**Directions**
The output must be the data, printed exactly as written.

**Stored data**
=-=-=-=-=
lemma floor_const_on_Ico_bounds:
  fixes a b c y :: "'a::floor_ceiling"
  assumes const: "\<forall>\<rho>\<in>{a..<b}. \<lfloor>\<rho> + y\<rfloor> = t" and "a < b" "a \<le> c" "c \<le> b"
  shows "of_int t \<le> c + y" and "c + y \<le> of_int t + 1"
proof -
  have "of_int t \<le> a + y"
    using const \<open>a < b\<close> of_int_floor_le[of "a + y"] by simp
  then show "of_int t \<le> c + y"
    using \<open>a \<le> c\<close> by linarith
  show "c + y \<le> of_int t + 1"
  proof (rule ccontr)
    assume "\<not> c + y \<le> of_int t + 1"
    define \<rho> where "\<rho> = max a (of_int t + 1 - y)"
    have "\<rho> \<in> {a..<b}" and "of_int (t + 1) \<le> \<rho> + y"
      using \<open>\<not> c + y \<le> of_int t + 1\<close> \<open>a < b\<close> \<open>c \<le> b\<close> by (auto simp: \<rho>_def)
    then show False
      using const by (metis le_floor_iff not_less zless_add1_eq)
  qed
qed

lemma of_nat_mult_irrational_notin_Ints:
  assumes "\<alpha> \<notin> \<rat>" "0 < j"
  shows "real j * \<alpha> \<notin> \<int>"
proof
  assume "real j * \<alpha> \<in> \<int>"
  then obtain z where "real j * \<alpha> = of_int z"
    by (auto elim: Ints_cases)
  then have "\<alpha> = of_int z / real j"
    using assms(2) by (simp add: field_simps)
  with assms(1) show False
    by simp
qed

lemma count_list_binary:
  assumes "set w \<subseteq> {0, 1 :: nat}"
  shows "count_list w 0 + count_list w 1 = length w"
  using sum_count_set[OF assms] by simp

lemma parikh_containedI:
  assumes "set f \<subseteq> {0, 1}" "length p < length f"
    and "count_list p 0 \<le> count_list f 0" "count_list p 1 \<le> count_list f 1"
  shows "parikh_contained (parikh p) (parikh f)"
proof -
  have "count_list p 0 + count_list p 1 \<le> length p"
    by (induction p) auto
  then show ?thesis
    using assms count_list_binary[OF assms(1)] by (auto simp: parikh_contained_def parikh_def)
qed

lemma funpow_rot_eq_frac:
  assumes "\<rho> \<in> {0..<1}"
  shows "(rot \<alpha> ^^ i) \<rho> = frac (\<rho> + real i * \<alpha>)"
  by (induction i) (use assms in \<open>simp_all add: rot_def algebra_simps\<close>)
=-=-=-=-=
**Final answer**
lemma floor_const_on_Ico_bounds:
  fixes a b c y :: "'a::floor_ceiling"
  assumes const: "\<forall>\<rho>\<in>{a..<b}. \<lfloor>\<rho> + y\<rfloor> = t" and "a < b" "a \<le> c" "c \<le> b"
  shows "of_int t \<le> c + y" and "c + y \<le> of_int t + 1"
proof -
  have "of_int t \<le> a + y"
    using const \<open>a < b\<close> of_int_floor_le[of "a + y"] by simp
  then show "of_int t \<le> c + y"
    using \<open>a \<le> c\<close> by linarith
  show "c + y \<le> of_int t + 1"
  proof (rule ccontr)
    assume "\<not> c + y \<le> of_int t + 1"
    define \<rho> where "\<rho> = max a (of_int t + 1 - y)"
    have "\<rho> \<in> {a..<b}" and "of_int (t + 1) \<le> \<rho> + y"
      using \<open>\<not> c + y \<le> of_int t + 1\<close> \<open>a < b\<close> \<open>c \<le> b\<close> by (auto simp: \<rho>_def)
    then show False
      using const by (metis le_floor_iff not_less zless_add1_eq)
  qed
qed

lemma of_nat_mult_irrational_notin_Ints:
  assumes "\<alpha> \<notin> \<rat>" "0 < j"
  shows "real j * \<alpha> \<notin> \<int>"
proof
  assume "real j * \<alpha> \<in> \<int>"
  then obtain z where "real j * \<alpha> = of_int z"
    by (auto elim: Ints_cases)
  then have "\<alpha> = of_int z / real j"
    using assms(2) by (simp add: field_simps)
  with assms(1) show False
    by simp
qed

lemma count_list_binary:
  assumes "set w \<subseteq> {0, 1 :: nat}"
  shows "count_list w 0 + count_list w 1 = length w"
  using sum_count_set[OF assms] by simp

lemma parikh_containedI:
  assumes "set f \<subseteq> {0, 1}" "length p < length f"
    and "count_list p 0 \<le> count_list f 0" "count_list p 1 \<le> count_list f 1"
  shows "parikh_contained (parikh p) (parikh f)"
proof -
  have "count_list p 0 + count_list p 1 \<le> length p"
    by (induction p) auto
  then show ?thesis
    using assms count_list_binary[OF assms(1)] by (auto simp: parikh_contained_def parikh_def)
qed

lemma funpow_rot_eq_frac:
  assumes "\<rho> \<in> {0..<1}"
  shows "(rot \<alpha> ^^ i) \<rho> = frac (\<rho> + real i * \<alpha>)"
  by (induction i) (use assms in \<open>simp_all add: rot_def algebra_simps\<close>)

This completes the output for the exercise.